**Work request**
Set the data down again so that every line matches exactly.

Extracted records Block Start

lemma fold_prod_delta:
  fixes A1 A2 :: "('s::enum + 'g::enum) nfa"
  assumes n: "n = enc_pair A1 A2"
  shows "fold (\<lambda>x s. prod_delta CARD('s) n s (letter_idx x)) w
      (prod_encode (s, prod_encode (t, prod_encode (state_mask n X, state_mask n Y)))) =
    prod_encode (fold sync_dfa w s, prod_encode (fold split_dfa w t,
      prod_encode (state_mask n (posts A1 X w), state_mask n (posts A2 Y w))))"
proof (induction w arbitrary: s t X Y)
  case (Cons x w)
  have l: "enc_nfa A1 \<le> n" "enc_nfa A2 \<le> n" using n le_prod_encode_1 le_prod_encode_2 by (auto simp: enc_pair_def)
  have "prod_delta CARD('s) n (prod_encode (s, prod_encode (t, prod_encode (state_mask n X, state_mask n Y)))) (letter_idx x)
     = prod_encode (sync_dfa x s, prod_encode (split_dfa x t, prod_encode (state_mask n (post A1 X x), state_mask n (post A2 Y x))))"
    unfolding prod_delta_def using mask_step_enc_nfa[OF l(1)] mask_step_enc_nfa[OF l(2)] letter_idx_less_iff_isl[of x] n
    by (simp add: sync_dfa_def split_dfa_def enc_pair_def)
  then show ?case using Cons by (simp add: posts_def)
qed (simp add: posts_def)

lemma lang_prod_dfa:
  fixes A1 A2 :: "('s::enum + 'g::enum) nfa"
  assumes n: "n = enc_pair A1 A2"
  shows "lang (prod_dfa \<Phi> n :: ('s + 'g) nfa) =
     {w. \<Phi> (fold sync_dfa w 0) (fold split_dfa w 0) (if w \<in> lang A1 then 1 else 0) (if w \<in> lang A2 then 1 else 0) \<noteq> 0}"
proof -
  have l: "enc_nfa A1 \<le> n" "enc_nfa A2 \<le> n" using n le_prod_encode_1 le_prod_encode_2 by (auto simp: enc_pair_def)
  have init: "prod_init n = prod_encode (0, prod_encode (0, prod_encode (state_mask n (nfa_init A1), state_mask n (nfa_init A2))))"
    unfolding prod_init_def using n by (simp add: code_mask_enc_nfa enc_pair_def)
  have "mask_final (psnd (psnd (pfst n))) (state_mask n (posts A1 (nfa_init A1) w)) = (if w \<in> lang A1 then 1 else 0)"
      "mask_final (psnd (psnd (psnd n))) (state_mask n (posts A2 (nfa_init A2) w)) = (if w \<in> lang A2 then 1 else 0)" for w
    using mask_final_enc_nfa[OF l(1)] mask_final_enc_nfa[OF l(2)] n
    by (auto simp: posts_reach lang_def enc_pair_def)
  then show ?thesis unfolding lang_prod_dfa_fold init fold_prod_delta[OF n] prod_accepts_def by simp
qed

Extracted records Block End

**Result**
lemma fold_prod_delta:
  fixes A1 A2 :: "('s::enum + 'g::enum) nfa"
  assumes n: "n = enc_pair A1 A2"
  shows "fold (\<lambda>x s. prod_delta CARD('s) n s (letter_idx x)) w
      (prod_encode (s, prod_encode (t, prod_encode (state_mask n X, state_mask n Y)))) =
    prod_encode (fold sync_dfa w s, prod_encode (fold split_dfa w t,
      prod_encode (state_mask n (posts A1 X w), state_mask n (posts A2 Y w))))"
proof (induction w arbitrary: s t X Y)
  case (Cons x w)
  have l: "enc_nfa A1 \<le> n" "enc_nfa A2 \<le> n" using n le_prod_encode_1 le_prod_encode_2 by (auto simp: enc_pair_def)
  have "prod_delta CARD('s) n (prod_encode (s, prod_encode (t, prod_encode (state_mask n X, state_mask n Y)))) (letter_idx x)
     = prod_encode (sync_dfa x s, prod_encode (split_dfa x t, prod_encode (state_mask n (post A1 X x), state_mask n (post A2 Y x))))"
    unfolding prod_delta_def using mask_step_enc_nfa[OF l(1)] mask_step_enc_nfa[OF l(2)] letter_idx_less_iff_isl[of x] n
    by (simp add: sync_dfa_def split_dfa_def enc_pair_def)
  then show ?case using Cons by (simp add: posts_def)
qed (simp add: posts_def)

lemma lang_prod_dfa:
  fixes A1 A2 :: "('s::enum + 'g::enum) nfa"
  assumes n: "n = enc_pair A1 A2"
  shows "lang (prod_dfa \<Phi> n :: ('s + 'g) nfa) =
     {w. \<Phi> (fold sync_dfa w 0) (fold split_dfa w 0) (if w \<in> lang A1 then 1 else 0) (if w \<in> lang A2 then 1 else 0) \<noteq> 0}"
proof -
  have l: "enc_nfa A1 \<le> n" "enc_nfa A2 \<le> n" using n le_prod_encode_1 le_prod_encode_2 by (auto simp: enc_pair_def)
  have init: "prod_init n = prod_encode (0, prod_encode (0, prod_encode (state_mask n (nfa_init A1), state_mask n (nfa_init A2))))"
    unfolding prod_init_def using n by (simp add: code_mask_enc_nfa enc_pair_def)
  have "mask_final (psnd (psnd (pfst n))) (state_mask n (posts A1 (nfa_init A1) w)) = (if w \<in> lang A1 then 1 else 0)"
      "mask_final (psnd (psnd (psnd n))) (state_mask n (posts A2 (nfa_init A2) w)) = (if w \<in> lang A2 then 1 else 0)" for w
    using mask_final_enc_nfa[OF l(1)] mask_final_enc_nfa[OF l(2)] n
    by (auto simp: posts_reach lang_def enc_pair_def)
  then show ?thesis unfolding lang_prod_dfa_fold init fold_prod_delta[OF n] prod_accepts_def by simp
qed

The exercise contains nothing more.